Data for processing:
++++

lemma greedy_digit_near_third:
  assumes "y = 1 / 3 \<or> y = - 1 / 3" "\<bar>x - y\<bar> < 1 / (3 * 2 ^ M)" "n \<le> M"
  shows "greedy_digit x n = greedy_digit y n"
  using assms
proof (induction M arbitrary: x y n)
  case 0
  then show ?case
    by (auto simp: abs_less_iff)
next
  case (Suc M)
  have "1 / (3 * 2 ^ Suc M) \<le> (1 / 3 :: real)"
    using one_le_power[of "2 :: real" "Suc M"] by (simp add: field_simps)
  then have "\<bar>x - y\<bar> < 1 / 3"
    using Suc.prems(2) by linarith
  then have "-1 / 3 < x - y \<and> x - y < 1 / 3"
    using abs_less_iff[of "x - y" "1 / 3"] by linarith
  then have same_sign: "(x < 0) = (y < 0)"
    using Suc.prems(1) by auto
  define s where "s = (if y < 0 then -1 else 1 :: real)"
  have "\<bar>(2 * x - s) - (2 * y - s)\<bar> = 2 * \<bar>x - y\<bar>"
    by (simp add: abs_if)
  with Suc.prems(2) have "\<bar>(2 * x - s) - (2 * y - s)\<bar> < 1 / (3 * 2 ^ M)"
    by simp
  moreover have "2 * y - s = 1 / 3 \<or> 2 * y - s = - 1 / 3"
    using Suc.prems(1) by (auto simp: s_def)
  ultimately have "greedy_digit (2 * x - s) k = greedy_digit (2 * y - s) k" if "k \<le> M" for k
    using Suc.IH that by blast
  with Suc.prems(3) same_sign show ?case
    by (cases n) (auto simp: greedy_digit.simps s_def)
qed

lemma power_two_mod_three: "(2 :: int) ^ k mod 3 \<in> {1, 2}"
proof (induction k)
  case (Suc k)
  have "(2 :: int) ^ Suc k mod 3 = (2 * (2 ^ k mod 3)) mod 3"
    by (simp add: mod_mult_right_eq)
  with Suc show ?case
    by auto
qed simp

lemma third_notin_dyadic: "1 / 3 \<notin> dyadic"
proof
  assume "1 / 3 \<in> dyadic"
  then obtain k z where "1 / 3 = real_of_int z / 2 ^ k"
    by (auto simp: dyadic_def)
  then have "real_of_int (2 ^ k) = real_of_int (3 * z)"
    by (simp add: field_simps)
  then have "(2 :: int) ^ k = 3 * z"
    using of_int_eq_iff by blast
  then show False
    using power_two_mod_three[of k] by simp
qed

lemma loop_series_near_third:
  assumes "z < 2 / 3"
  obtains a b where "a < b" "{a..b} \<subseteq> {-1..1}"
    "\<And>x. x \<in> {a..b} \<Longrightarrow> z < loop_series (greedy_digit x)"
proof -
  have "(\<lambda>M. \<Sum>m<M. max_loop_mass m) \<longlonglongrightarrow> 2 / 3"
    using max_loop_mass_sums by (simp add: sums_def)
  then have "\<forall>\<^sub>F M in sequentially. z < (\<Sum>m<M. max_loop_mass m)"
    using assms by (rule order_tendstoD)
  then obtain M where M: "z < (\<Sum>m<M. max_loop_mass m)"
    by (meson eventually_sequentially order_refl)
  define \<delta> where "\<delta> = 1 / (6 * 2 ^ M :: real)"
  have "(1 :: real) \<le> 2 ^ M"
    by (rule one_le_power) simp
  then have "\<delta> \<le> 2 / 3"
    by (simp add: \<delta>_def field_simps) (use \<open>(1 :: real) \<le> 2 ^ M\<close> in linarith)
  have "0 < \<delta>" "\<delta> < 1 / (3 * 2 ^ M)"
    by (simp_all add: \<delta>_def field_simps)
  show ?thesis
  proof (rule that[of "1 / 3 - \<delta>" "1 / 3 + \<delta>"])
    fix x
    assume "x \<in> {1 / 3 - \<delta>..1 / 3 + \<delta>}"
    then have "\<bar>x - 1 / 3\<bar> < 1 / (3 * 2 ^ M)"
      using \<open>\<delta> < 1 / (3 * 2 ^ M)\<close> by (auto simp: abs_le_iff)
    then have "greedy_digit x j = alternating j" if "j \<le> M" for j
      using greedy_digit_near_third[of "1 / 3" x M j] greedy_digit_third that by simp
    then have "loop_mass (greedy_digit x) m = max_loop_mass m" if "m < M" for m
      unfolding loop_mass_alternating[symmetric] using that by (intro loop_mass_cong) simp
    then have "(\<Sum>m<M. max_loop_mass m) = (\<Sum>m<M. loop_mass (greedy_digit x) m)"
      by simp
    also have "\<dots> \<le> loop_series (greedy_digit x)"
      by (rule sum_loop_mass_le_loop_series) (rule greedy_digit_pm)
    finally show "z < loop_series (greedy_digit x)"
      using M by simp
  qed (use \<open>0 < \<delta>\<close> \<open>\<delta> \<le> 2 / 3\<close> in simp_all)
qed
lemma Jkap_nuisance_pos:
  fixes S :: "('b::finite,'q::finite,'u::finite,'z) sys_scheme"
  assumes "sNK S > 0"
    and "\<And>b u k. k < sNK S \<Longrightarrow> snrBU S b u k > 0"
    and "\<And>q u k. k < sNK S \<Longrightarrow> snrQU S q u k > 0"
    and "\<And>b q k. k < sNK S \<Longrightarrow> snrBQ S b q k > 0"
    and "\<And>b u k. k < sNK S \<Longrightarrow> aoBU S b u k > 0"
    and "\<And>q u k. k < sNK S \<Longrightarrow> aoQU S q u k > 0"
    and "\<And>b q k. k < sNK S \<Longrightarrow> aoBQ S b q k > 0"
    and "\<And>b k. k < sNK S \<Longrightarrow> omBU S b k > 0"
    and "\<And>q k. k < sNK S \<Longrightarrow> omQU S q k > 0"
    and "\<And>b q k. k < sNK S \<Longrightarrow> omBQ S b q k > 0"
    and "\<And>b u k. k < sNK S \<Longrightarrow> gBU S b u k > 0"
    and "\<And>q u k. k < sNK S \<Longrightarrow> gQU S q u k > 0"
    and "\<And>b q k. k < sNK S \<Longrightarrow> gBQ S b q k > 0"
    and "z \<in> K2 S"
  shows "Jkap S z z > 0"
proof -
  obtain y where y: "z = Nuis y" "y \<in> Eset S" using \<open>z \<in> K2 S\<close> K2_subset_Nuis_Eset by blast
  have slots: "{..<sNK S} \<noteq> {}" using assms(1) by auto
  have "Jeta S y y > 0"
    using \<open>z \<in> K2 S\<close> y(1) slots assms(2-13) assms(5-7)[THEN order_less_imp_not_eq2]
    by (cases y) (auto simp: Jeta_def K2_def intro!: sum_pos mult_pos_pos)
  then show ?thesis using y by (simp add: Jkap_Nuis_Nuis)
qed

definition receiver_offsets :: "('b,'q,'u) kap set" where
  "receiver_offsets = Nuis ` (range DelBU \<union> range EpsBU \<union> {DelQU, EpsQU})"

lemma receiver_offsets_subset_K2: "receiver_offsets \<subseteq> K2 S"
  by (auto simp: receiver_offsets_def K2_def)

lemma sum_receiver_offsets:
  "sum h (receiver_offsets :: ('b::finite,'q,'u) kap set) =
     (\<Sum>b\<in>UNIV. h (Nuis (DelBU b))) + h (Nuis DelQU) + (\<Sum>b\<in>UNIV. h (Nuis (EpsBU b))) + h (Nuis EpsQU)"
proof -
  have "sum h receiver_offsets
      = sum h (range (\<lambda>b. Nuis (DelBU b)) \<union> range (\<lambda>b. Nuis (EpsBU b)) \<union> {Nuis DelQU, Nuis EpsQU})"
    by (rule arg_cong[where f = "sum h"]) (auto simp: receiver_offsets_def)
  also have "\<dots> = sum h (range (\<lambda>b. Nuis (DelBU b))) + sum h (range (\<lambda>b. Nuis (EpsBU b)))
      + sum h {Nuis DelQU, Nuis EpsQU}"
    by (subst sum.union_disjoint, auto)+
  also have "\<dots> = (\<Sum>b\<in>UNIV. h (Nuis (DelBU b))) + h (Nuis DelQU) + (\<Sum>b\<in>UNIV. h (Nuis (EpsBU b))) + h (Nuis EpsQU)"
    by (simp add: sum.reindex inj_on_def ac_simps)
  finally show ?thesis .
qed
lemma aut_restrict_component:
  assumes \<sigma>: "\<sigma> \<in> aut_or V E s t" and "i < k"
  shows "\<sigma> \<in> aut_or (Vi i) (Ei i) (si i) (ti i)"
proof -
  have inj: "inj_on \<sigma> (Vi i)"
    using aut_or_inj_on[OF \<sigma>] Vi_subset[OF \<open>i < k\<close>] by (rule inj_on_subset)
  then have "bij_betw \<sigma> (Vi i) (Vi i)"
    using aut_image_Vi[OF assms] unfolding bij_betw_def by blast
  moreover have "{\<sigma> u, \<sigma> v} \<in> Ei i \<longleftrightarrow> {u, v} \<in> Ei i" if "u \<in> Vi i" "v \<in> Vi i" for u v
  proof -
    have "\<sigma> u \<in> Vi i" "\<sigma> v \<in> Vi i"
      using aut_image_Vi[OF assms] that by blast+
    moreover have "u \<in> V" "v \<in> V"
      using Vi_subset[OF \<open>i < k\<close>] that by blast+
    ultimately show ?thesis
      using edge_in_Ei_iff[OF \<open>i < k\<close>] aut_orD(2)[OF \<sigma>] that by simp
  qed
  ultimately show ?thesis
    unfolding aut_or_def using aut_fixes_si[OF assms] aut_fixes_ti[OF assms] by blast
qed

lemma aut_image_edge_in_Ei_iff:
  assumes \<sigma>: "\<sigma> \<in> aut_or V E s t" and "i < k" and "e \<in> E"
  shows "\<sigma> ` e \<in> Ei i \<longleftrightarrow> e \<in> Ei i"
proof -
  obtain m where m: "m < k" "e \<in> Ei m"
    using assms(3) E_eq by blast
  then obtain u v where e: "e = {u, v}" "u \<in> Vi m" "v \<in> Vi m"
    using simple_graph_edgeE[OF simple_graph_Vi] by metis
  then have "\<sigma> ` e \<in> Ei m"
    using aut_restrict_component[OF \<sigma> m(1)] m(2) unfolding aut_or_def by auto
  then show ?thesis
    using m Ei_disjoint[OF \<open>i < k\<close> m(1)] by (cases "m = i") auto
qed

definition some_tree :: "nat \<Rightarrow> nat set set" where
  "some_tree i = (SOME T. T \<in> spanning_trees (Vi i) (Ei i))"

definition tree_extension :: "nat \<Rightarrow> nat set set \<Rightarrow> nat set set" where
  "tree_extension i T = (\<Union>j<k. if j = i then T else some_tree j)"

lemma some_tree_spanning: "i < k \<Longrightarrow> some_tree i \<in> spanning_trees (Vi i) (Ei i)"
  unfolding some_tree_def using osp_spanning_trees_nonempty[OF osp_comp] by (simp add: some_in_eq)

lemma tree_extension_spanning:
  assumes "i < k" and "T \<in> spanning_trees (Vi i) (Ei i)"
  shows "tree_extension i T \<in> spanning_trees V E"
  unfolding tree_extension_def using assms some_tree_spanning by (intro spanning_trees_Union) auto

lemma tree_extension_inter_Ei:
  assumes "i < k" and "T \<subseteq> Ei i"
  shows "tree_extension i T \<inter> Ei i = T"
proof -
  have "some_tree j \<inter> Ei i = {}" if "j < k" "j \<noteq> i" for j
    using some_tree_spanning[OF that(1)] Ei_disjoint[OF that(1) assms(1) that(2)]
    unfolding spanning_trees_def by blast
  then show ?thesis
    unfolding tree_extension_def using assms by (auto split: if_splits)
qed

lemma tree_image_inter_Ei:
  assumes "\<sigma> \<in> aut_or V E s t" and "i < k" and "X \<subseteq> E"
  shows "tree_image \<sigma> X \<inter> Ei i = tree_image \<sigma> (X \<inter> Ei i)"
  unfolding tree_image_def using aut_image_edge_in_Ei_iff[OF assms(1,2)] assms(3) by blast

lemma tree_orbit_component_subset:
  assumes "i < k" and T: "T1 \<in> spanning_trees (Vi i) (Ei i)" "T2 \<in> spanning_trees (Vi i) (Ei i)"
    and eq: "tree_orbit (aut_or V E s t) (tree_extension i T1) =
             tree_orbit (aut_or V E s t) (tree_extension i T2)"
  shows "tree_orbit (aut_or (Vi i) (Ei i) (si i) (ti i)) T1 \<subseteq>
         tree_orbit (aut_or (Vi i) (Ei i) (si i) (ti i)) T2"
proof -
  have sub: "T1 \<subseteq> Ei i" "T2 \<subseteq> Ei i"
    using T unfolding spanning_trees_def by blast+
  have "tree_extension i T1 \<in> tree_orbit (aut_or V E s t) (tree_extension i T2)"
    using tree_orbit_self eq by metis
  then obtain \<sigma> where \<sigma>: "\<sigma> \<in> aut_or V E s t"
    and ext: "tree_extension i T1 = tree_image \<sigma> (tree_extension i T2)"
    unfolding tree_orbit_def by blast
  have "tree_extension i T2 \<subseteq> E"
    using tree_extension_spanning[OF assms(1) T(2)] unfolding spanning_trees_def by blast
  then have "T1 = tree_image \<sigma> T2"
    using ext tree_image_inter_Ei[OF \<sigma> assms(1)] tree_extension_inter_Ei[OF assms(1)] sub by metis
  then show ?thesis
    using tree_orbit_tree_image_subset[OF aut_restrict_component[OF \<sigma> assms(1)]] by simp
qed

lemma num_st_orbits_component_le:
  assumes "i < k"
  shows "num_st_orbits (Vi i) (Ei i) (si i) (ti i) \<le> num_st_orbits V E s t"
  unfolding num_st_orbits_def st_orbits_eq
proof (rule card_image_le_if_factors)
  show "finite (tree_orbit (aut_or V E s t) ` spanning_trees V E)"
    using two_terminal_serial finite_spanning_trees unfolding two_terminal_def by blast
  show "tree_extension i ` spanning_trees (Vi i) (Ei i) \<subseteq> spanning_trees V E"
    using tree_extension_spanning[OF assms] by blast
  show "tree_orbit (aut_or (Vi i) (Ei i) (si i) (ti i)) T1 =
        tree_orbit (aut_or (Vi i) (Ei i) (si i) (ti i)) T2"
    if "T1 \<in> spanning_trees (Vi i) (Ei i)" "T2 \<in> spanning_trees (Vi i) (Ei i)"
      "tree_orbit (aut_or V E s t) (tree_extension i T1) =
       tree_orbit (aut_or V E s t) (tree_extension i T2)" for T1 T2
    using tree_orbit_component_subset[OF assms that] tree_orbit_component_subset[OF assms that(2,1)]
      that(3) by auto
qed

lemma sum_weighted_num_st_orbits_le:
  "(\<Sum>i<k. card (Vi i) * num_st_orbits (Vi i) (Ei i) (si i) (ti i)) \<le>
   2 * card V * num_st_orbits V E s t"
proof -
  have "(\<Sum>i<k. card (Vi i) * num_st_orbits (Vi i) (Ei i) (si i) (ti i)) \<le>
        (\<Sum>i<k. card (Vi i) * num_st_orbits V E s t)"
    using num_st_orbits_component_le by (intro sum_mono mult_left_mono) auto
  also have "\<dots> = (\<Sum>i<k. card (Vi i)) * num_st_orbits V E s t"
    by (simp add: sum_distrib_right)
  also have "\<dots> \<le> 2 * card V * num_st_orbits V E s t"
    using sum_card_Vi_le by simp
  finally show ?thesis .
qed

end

++++

Task instructions:
Among the records above, which lines hold the word "DelBU"? Copy each one.

Exercise answer:
  "receiver_offsets = Nuis ` (range DelBU \<union> range EpsBU \<union> {DelQU, EpsQU})"
     (\<Sum>b\<in>UNIV. h (Nuis (DelBU b))) + h (Nuis DelQU) + (\<Sum>b\<in>UNIV. h (Nuis (EpsBU b))) + h (Nuis EpsQU)"
      = sum h (range (\<lambda>b. Nuis (DelBU b)) \<union> range (\<lambda>b. Nuis (EpsBU b)) \<union> {Nuis DelQU, Nuis EpsQU})"
  also have "\<dots> = sum h (range (\<lambda>b. Nuis (DelBU b))) + sum h (range (\<lambda>b. Nuis (EpsBU b)))
  also have "\<dots> = (\<Sum>b\<in>UNIV. h (Nuis (DelBU b))) + h (Nuis DelQU) + (\<Sum>b\<in>UNIV. h (Nuis (EpsBU b))) + h (Nuis EpsQU)"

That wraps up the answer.